*Material for this exercise*.
definition time_scale :: "real set \<Rightarrow> bool" where
  "time_scale T \<longleftrightarrow> T \<noteq> {} \<and> closed T"

definition fwd_jump :: "real set \<Rightarrow> real \<Rightarrow> real" where
  "fwd_jump T t = (if {s\<in>T. s > t} = {} then t else Inf {s\<in>T. s > t})"

definition has_delta_derivative :: "real set \<Rightarrow> (real \<Rightarrow> real) \<Rightarrow> real \<Rightarrow> real \<Rightarrow> bool" where
  "has_delta_derivative T f D t \<longleftrightarrow>
     (\<forall>\<epsilon>>0. \<exists>\<delta>>0. \<forall>s\<in>T. \<bar>s - t\<bar> < \<delta> \<longrightarrow>
        \<bar>f (fwd_jump T t) - f s - D * (fwd_jump T t - s)\<bar> \<le> \<epsilon> * \<bar>fwd_jump T t - s\<bar>)"

end

theory Submission
  imports Defs
begin

text \<open>The total x + y + z has delta derivative 0 and is constant, while x' \<le> 0 \<le> z'; so x and z
  are monotone and bounded, and all three components converge. The limit of y is 0, for otherwise
  z' = c y(\<sigma> t) would eventually stay above a positive constant and z would be unbounded.
  The limit of x is positive: if x tended to 0, a bound x \<le> q (x + y) on T makes x - \<mu> y
  nondecreasing for \<mu> = bq / (c - bq); as x - \<mu> y tends to 0 it stays \<le> 0, which improves the
  bound to x \<le> (b/c) q (x + y). Iterating gives x \<le> (b/c)^n (x + y) \<rightarrow> 0, contradicting x > 0.
  Monotonicity from the sign of a delta derivative rests on the induction principle for time
  scales.\<close>

lemma fwd_jump_ge: "t \<le> fwd_jump T t"
  unfolding fwd_jump_def by (auto intro: cInf_greatest)

lemma fwd_jump_in:
  assumes "closed T" "t \<in> T"
  shows "fwd_jump T t \<in> T"
proof (cases "{s\<in>T. s > t} = {}")
  case False
  have "Inf {s\<in>T. s > t} \<in> closure {s\<in>T. s > t}"
    using False by (intro closure_contains_Inf) (auto intro: bdd_belowI[of _ t])
  also have "closure {s\<in>T. s > t} \<subseteq> T"
    using assms(1) by (intro closure_minimal) auto
  finally show ?thesis
    unfolding fwd_jump_def if_not_P[OF False] .
qed (use assms(2) in \<open>simp add: fwd_jump_def\<close>)

lemma fwd_jump_eqI:
  assumes "m \<in> T" "t < m" "\<And>r. r \<in> T \<Longrightarrow> t < r \<Longrightarrow> m \<le> r"
  shows "fwd_jump T t = m"
  using assms unfolding fwd_jump_def by (auto intro!: cInf_eq_minimum)
definition same_band :: "nat \<Rightarrow> ereal \<Rightarrow> ereal \<Rightarrow> bool" where
  "same_band M a b \<longleftrightarrow>
    (a = -\<infinity> \<longleftrightarrow> b = -\<infinity>) \<and> (a = \<infinity> \<longleftrightarrow> b = \<infinity>) \<and> (a \<le> ereal (real M) \<longleftrightarrow> b \<le> ereal (real M))"

definition le_const :: "nat \<Rightarrow> ereal \<Rightarrow> bool" where
  "le_const M c \<longleftrightarrow> c = \<infinity> \<or> c = -\<infinity> \<or> (\<exists>k::int. c = ereal (of_int k) \<and> k \<le> int M)"

definition abs_le_const :: "nat \<Rightarrow> ereal \<Rightarrow> bool" where
  "abs_le_const M c \<longleftrightarrow> c = \<infinity> \<or> c = -\<infinity> \<or> (\<exists>k::int. c = ereal (of_int k) \<and> \<bar>k\<bar> \<le> int M)"

lemma approx_conds:
  "approx M v1 v2 \<longleftrightarrow>
    (\<forall>z r c. le_const M c \<longrightarrow> (holds r (cv v1 z) c \<longleftrightarrow> holds r (cv v2 z) c)) \<and>
    (\<forall>y z r c. abs_le_const M c \<longrightarrow>
       (holds r (ediff (cv v1 y) (cv v1 z)) c \<longleftrightarrow> holds r (ediff (cv v2 y) (cv v2 z)) c)) \<and>
    (\<forall>y z. small M v1 y \<and> small M v1 z \<longrightarrow>
       (frac (real_cv v1 y) \<le> frac (real_cv v1 z) \<longleftrightarrow> frac (real_cv v2 y) \<le> frac (real_cv v2 z)))"
  unfolding approx_def le_const_def abs_le_const_def small_def real_cv_def by (simp only: conj_assoc)
(* For every $f\in C_c^\infty(S\mathbb D_H^\circ)$, $$\int_{\mathcal G_H}\int_{\mathbb R}f(\gamma_{\beta,a}(t),\dot\gamma_{\beta,a}(t))\,dt\,d\beta\,da=\int_{S\mathbb D_H^\circ}f\,d\Sigma^3.$$
   Context: $\mathbb D_H^\circ=\{|z|<1\}$ with Poincaré metric $g_H=c(z)^{-2}|dz|^2$, $c(z)=(1-|z|^2)/2$. Its unit tangent bundle $S\mathbb D_H^\circ$ is identified with $\mathbb D_H^\circ\times\mathbb R/2\pi\mathbb Z$ via $(z,\theta)\leftrightarrow(z,2\,\mathrm{Re}(c(z)e^{i\theta}\partial_z))$, and $d\Sigma^3=c(z)^{-2}\frac{d\bar z\wedge dz}{2i}\wedge d\theta$ is the Liouville form (as a measure). $\mathcal G_H=\mathbb S^1_\beta\times\mathbb R_a$ with measure $d\beta\,da$, and $\gamma_{\beta,a}(t)=e^{i\beta}\frac{(2+ia)\tanh(t/2)+ia}{ia\tanh(t/2)-2+ia}$ (unit-speed geodesics). *)

theory Defs
  imports "HOL-Analysis.Analysis"
begin

coinductive C_inf :: "('a::euclidean_space \<Rightarrow> real) \<Rightarrow> bool" where
  "(\<And>x. (g has_derivative g' x) (at x)) \<Longrightarrow> (\<And>v. C_inf (\<lambda>x. g' x v)) \<Longrightarrow> C_inf g"

text \<open>Conformal factor c(z) = (1 - |z|^2)/2 of the Poincare metric.\<close>
definition cH :: "complex \<Rightarrow> real" where
  "cH z = (1 - (cmod z)\<^sup>2) / 2"

text \<open>Functions in C_c-infinity of the unit tangent bundle, identified with the unit disc
  times R/2piZ: smooth functions of (z, theta), 2pi-periodic in theta, whose support lies in
  K x R for a compact K inside the open unit disc (extended by zero outside).\<close>
definition Cc_inf_SD :: "(complex \<times> real \<Rightarrow> real) \<Rightarrow> bool" where
  "Cc_inf_SD f \<longleftrightarrow> C_inf f \<and> (\<forall>z \<theta>. f (z, \<theta> + 2 * pi) = f (z, \<theta>)) \<and>
     (\<exists>K. compact K \<and> K \<subseteq> ball 0 1 \<and> (\<forall>z \<theta>. z \<notin> K \<longrightarrow> f (z, \<theta>) = 0))"

text \<open>The unit speed geodesics gamma_{beta,a}.\<close>
definition gammaH :: "real \<Rightarrow> real \<Rightarrow> real \<Rightarrow> complex" where
  "gammaH \<beta> a t = exp (\<i> * of_real \<beta>) *
     (((2 + \<i> * of_real a) * of_real (tanh (t / 2)) + \<i> * of_real a) /
      (\<i> * of_real a * of_real (tanh (t / 2)) - 2 + \<i> * of_real a))"

text \<open>Angle coordinate of the velocity: gamma'(t) = 2 Re(c(gamma(t)) e^{i theta} d_z), i.e. as a
  complex number gamma'(t) = c(gamma(t)) e^{i theta}.\<close>
definition thetaH :: "real \<Rightarrow> real \<Rightarrow> real \<Rightarrow> real" where
  "thetaH \<beta> a t = Arg (vector_derivative (gammaH \<beta> a) (at t) / of_real (cH (gammaH \<beta> a t)))"

end

theory Submission
  imports Defs
begin

(* Write T = tanh (t/2), s = a (1 + T) / 2, U = (T + i s) / (1 + i s) and phi = pi + 2 arctan s
  (tanh_half t, geo_s a t, geo_base a t and geo_angle a t).  Then gamma_{beta,a}(t) = e^{i (beta + phi)} U,
  and the velocity angle of the geodesic is beta + phi modulo 2 pi.  As f is 2 pi-periodic in the
  angle, the substitution theta = beta + phi on the circle removes beta, and by Fubini the left-hand
  side becomes the integral of f (e^{i theta} U(a,t), theta) over (a, t, theta) in R x R x [0, 2 pi).
  The map (a, t, theta) |-> (e^{i theta} U(a,t), theta) is a bijection onto the disc times [0, 2 pi)
  with Jacobian determinant -c(U)^2, so the change of variables formula gives the right-hand side. *)

lemma one_plus_i_of_real_neq_0 [simp]: "1 + \<i> * of_real s \<noteq> 0"
  and one_minus_i_of_real_neq_0 [simp]: "1 - \<i> * of_real s \<noteq> 0"
  by (simp_all add: complex_eq_iff)

lemma one_plus_sq_eq_complex_factor:
  "of_real (1 + s\<^sup>2) = (1 + \<i> * of_real s) * (1 - \<i> * of_real s)"
  by (simp add: algebra_simps power2_eq_square)

lemma cis_arctan: "cis (arctan s) = (1 + \<i> * of_real s) / of_real (sqrt (1 + s\<^sup>2))"
proof -
  have "sqrt (1 + s\<^sup>2) > 0" by (simp add: add_pos_nonneg)
  then show ?thesis
    by (simp add: cis.ctr cos_arctan sin_arctan complex_eq_iff)
qed

lemma cis_pi_plus_double_arctan:
  "cis (pi + 2 * arctan s) = - (1 + \<i> * of_real s) / (1 - \<i> * of_real s)"
proof -
  have sq: "sqrt (1 + s\<^sup>2) ^ 2 = 1 + s\<^sup>2" by (simp add: add_nonneg_nonneg)
  have "cis (pi + 2 * arctan s) = cis pi * (cis (arctan s) * cis (arctan s))"
    by (simp only: cis_mult mult_2)
  also have "\<dots> = - (cis (arctan s))\<^sup>2"
    by (simp add: power2_eq_square)
  also have "\<dots> = - (1 + \<i> * of_real s)\<^sup>2 / of_real (1 + s\<^sup>2)"
    by (simp add: cis_arctan power_divide sq flip: of_real_power)
  also have "\<dots> = - (1 + \<i> * of_real s) / (1 - \<i> * of_real s)"
    unfolding one_plus_sq_eq_complex_factor by (simp add: power2_eq_square minus_divide_left)
  finally show ?thesis .
qed

lemma tanh_artanh_real:
  assumes "\<bar>x::real\<bar> < 1"
  shows "tanh (artanh x) = x"
proof -
  have pos: "1 + x > 0" "1 - x > 0"
    using assms by auto
  then have "- 2 * artanh x = ln (1 - x) - ln (1 + x)"
    by (simp add: artanh_def ln_div)
  then have exp_artanh: "exp (- 2 * artanh x) = (1 - x) / (1 + x)"
    using pos by (simp add: exp_diff)
  show ?thesis
    unfolding tanh_real_altdef exp_artanh using pos by (simp add: field_simps)
qed

lemma periodic_at_normalize_angle:
  assumes "\<And>x. g (x + 2 * pi) = g x"
  shows "g (normalize_angle x) = g x"
proof -
  interpret periodic_fun_simple g "2 * pi"
    by unfold_locales (rule assms)
  show ?thesis
    using plus_of_int [of x "- \<lceil>x / (2 * pi) - 1 / 2\<rceil>"]
    by (simp add: normalize_angle_def)
qed

lemma C_inf_continuous: "C_inf g \<Longrightarrow> continuous_on UNIV g"
  by (erule C_inf.cases) (metis has_derivative_continuous continuous_at_imp_continuous_on)

lemma compact_subset_ball_imp_cball:
  fixes K :: "'a::metric_space set"
  assumes "compact K" "K \<subseteq> ball a e"
  obtains r where "r < e" "K \<subseteq> cball a r"
proof (cases "K = {}")
  case True
  then show ?thesis
    using that [of "e - 1"] by simp
next
  case False
  have "continuous_on K (dist a)"
    by (intro continuous_on_dist continuous_on_const continuous_on_id)
  then obtain z where "z \<in> K" "\<And>y. y \<in> K \<Longrightarrow> dist a y \<le> dist a z"
    using continuous_attains_sup [OF assms(1) False] by blast
  then show ?thesis
    using that [of "dist a z"] assms(2) by (auto simp: subset_iff)
qed

lemma has_derivative_vec_nth [derivative_intros]: "((\<lambda>x. x $ i) has_derivative (\<lambda>h. h $ i)) F"
  by (rule bounded_linear_imp_has_derivative) (rule bounded_linear_vec_nth)

lemma has_derivative_vector_3:
  fixes f g k :: "'a::real_normed_vector \<Rightarrow> real"
  assumes "(f has_derivative f') (at x within S)" "(g has_derivative g') (at x within S)"
    and "(k has_derivative k') (at x within S)"
  shows "((\<lambda>x. vector [f x, g x, k x] :: real^3) has_derivative (\<lambda>h. vector [f' h, g' h, k' h]))
    (at x within S)"
proof (subst has_derivative_componentwise_within, intro ballI)
  fix b :: "real^3"
  assume "b \<in> Basis"
  then obtain i where "b = axis i 1"
    by (auto simp: Basis_vec_def)
  then show "((\<lambda>x. vector [f x, g x, k x] \<bullet> b) has_derivative (\<lambda>h. vector [f' h, g' h, k' h] \<bullet> b))
      (at x within S)"
    using assms exhaust_3[of i] by (auto simp: inner_axis)
qed

(* The third row of the matrix is (0, 0, 1), so only the 2 x 2 block (c p, c q) contributes. *)
lemma det_matrix_complex_lift:
  fixes c p q r :: complex
  defines "D \<equiv> \<lambda>h::real^3. of_real (h$1) * p + of_real (h$2) * q + of_real (h$3) * r"
  shows "det (matrix (\<lambda>h. vector [Re (c * D h), Im (c * D h), h$3]))
    = (cmod c)\<^sup>2 * Im (cnj p * q)"
  unfolding D_def matrix_def det_3 cmod_power2
  by (simp add: axis_def algebra_simps power2_eq_square)

lemma inner_image_Basis:
  fixes m :: "'a::euclidean_space \<Rightarrow> 'b::euclidean_space"
  assumes "linear m" "bij_betw m Basis Basis" "b \<in> Basis"
  shows "m x \<bullet> m b = x \<bullet> b"
proof -
  have ortho: "m c \<bullet> m b = (if c = b then 1 else 0)" if "c \<in> Basis" for c
  proof -
    have "m c \<in> Basis" "m b \<in> Basis" "m c = m b \<longleftrightarrow> c = b"
      using assms(2,3) that by (auto simp: bij_betw_def inj_on_eq_iff)
    then show ?thesis
      by (simp add: inner_Basis)
  qed
  have "m x = (\<Sum>c\<in>Basis. (x \<bullet> c) *\<^sub>R m c)"
    using linear_sum [OF assms(1)] linear_scale [OF assms(1)]
    by (metis (no_types, lifting) euclidean_representation sum.cong)
  then have "m x \<bullet> m b = (\<Sum>c\<in>Basis. (x \<bullet> c) * (m c \<bullet> m b))"
    by (simp add: inner_sum_left)
  also have "\<dots> = (\<Sum>c\<in>Basis. if c = b then x \<bullet> c else 0)"
    by (rule sum.cong) (simp_all add: ortho)
  also have "\<dots> = x \<bullet> b"
    using assms(3) by simp
  finally show ?thesis .
qed

lemma distr_lborel_Basis_permutation:
  fixes m :: "'a::euclidean_space \<Rightarrow> 'b::euclidean_space"
  assumes lin: "linear m" and bij: "bij_betw m Basis Basis"
  shows "distr lborel borel m = lborel"
proof (rule lborel_eqI [symmetric])
  have [measurable]: "m \<in> borel_measurable borel"
    using lin by (intro borel_measurable_continuous_onI linear_continuous_on linear_conv_bounded_linear [THEN iffD1])
  fix l u :: 'b
  assume lu: "\<And>c. c \<in> Basis \<Longrightarrow> l \<bullet> c \<le> u \<bullet> c"
  define l' u' :: 'a
    where "l' = (\<Sum>b\<in>Basis. (l \<bullet> m b) *\<^sub>R b)" and "u' = (\<Sum>b\<in>Basis. (u \<bullet> m b) *\<^sub>R b)"
  have coords: "l' \<bullet> b = l \<bullet> m b" "u' \<bullet> b = u \<bullet> m b" if "b \<in> Basis" for b
    using that by (simp_all add: l'_def u'_def inner_sum_left inner_Basis if_distrib cong: if_cong)
  have "m -` box l u = box l' u'"
  proof -
    have "x \<in> m -` box l u \<longleftrightarrow> (\<forall>c\<in>m ` Basis. l \<bullet> c < m x \<bullet> c \<and> m x \<bullet> c < u \<bullet> c)" for x
      using bij by (simp add: mem_box bij_betw_def)
    then show ?thesis
      by (auto simp: mem_box coords inner_image_Basis [OF lin bij])
  qed
  moreover have "l' \<bullet> b \<le> u' \<bullet> b" if "b \<in> Basis" for b
    using that lu bij by (auto simp: coords bij_betw_def)
  ultimately have "emeasure (distr lborel borel m) (box l u) = (\<Prod>b\<in>Basis. (u \<bullet> m b - l \<bullet> m b))"
    by (simp add: emeasure_distr coords inner_diff_left cong: prod.cong)
  also have "\<dots> = (\<Prod>c\<in>Basis. (u - l) \<bullet> c)"
    using prod.reindex_bij_betw [OF bij, of "\<lambda>c. (u - l) \<bullet> c"] by (simp add: inner_diff_left)
  finally show "emeasure (distr lborel borel m) (box l u) = (\<Prod>c\<in>Basis. (u - l) \<bullet> c)" .
qed simp

lemma Basis_real_3: "(Basis :: (real^3) set) = {axis 1 1, axis 2 1, axis 3 1}"
  by (auto simp: Basis_vec_def UNIV_3)

lemma distr_lborel_vec3_prod: "distr lborel borel (\<lambda>v::real^3. (v$1, v$2, v$3)) = lborel"
proof (rule distr_lborel_Basis_permutation)
  show "linear (\<lambda>v::real^3. (v$1, v$2, v$3))"
    by (auto intro!: linearI)
  show "bij_betw (\<lambda>v::real^3. (v$1, v$2, v$3)) Basis Basis"
    unfolding bij_betw_def Basis_real_3
    by (auto simp: Basis_prod_def axis_def zero_prod_def)
qed

lemma distr_lborel_vec3_complex: "distr lborel borel (\<lambda>v::real^3. (Complex (v$1) (v$2), v$3)) = lborel"
proof (rule distr_lborel_Basis_permutation)
  show "linear (\<lambda>v::real^3. (Complex (v$1) (v$2), v$3))"
    by (auto intro!: linearI simp: complex_eq_iff)
  show "bij_betw (\<lambda>v::real^3. (Complex (v$1) (v$2), v$3)) Basis Basis"
    unfolding bij_betw_def Basis_real_3
    by (auto simp: Basis_prod_def Basis_complex_def axis_def complex_eq_iff)
qed

lemma borel_measurable_indicator_comp:
  fixes g :: "'a::topological_space \<Rightarrow> 'b::topological_space"
  assumes "A \<in> sets borel" "continuous_on UNIV g"
  shows "(\<lambda>x. indicator A (g x) :: real) \<in> borel_measurable borel"
  using borel_measurable_continuous_onI [OF assms(2)] borel_measurable_indicator [OF assms(1)]
  by (rule measurable_compose)

lemma integrable_lborel_bounded_support:
  fixes g :: "'a::euclidean_space \<Rightarrow> real"
  assumes "g \<in> borel_measurable borel" "\<And>x. \<bar>g x\<bar> \<le> M" "bounded B" "\<And>x. x \<notin> B \<Longrightarrow> g x = 0"
  shows "integrable lborel g"
proof -
  obtain R where "\<forall>x\<in>B. norm x \<le> R"
    using assms(3) unfolding bounded_iff by blast
  then have R: "B \<subseteq> cball 0 R"
    by auto
  have "integrable lborel (\<lambda>x. indicator (cball 0 R) x *\<^sub>R M)"
    by (rule borel_integrable_compact) (simp_all add: continuous_on_const)
  then show ?thesis
  proof (rule Bochner_Integration.integrable_bound)
    show "g \<in> borel_measurable lborel"
      using assms(1) by simp
    have "norm (g x) \<le> norm (indicator (cball 0 R) x *\<^sub>R M)" for x
    proof (cases "x \<in> cball 0 R")
      case True
      then show ?thesis
        using assms(2) [of x] by simp
    next
      case False
      then have "x \<notin> B"
        using R by blast
      then show ?thesis
        using assms(4) by simp
    qed
    then show "AE x in lborel. norm (g x) \<le> norm (indicator (cball 0 R) x *\<^sub>R M)"
      by simp
  qed
qed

*What is required*.
Copy the records above exactly, beginning at the line that contains "(\<Sum>b\<in>Basis. (l \<bullet>" and stopping after the line that contains "b = l \<bullet>".

*Reply*.
    where "l' = (\<Sum>b\<in>Basis. (l \<bullet> m b) *\<^sub>R b)" and "u' = (\<Sum>b\<in>Basis. (u \<bullet> m b) *\<^sub>R b)"
  have coords: "l' \<bullet> b = l \<bullet> m b" "u' \<bullet> b = u \<bullet> m b" if "b \<in> Basis" for b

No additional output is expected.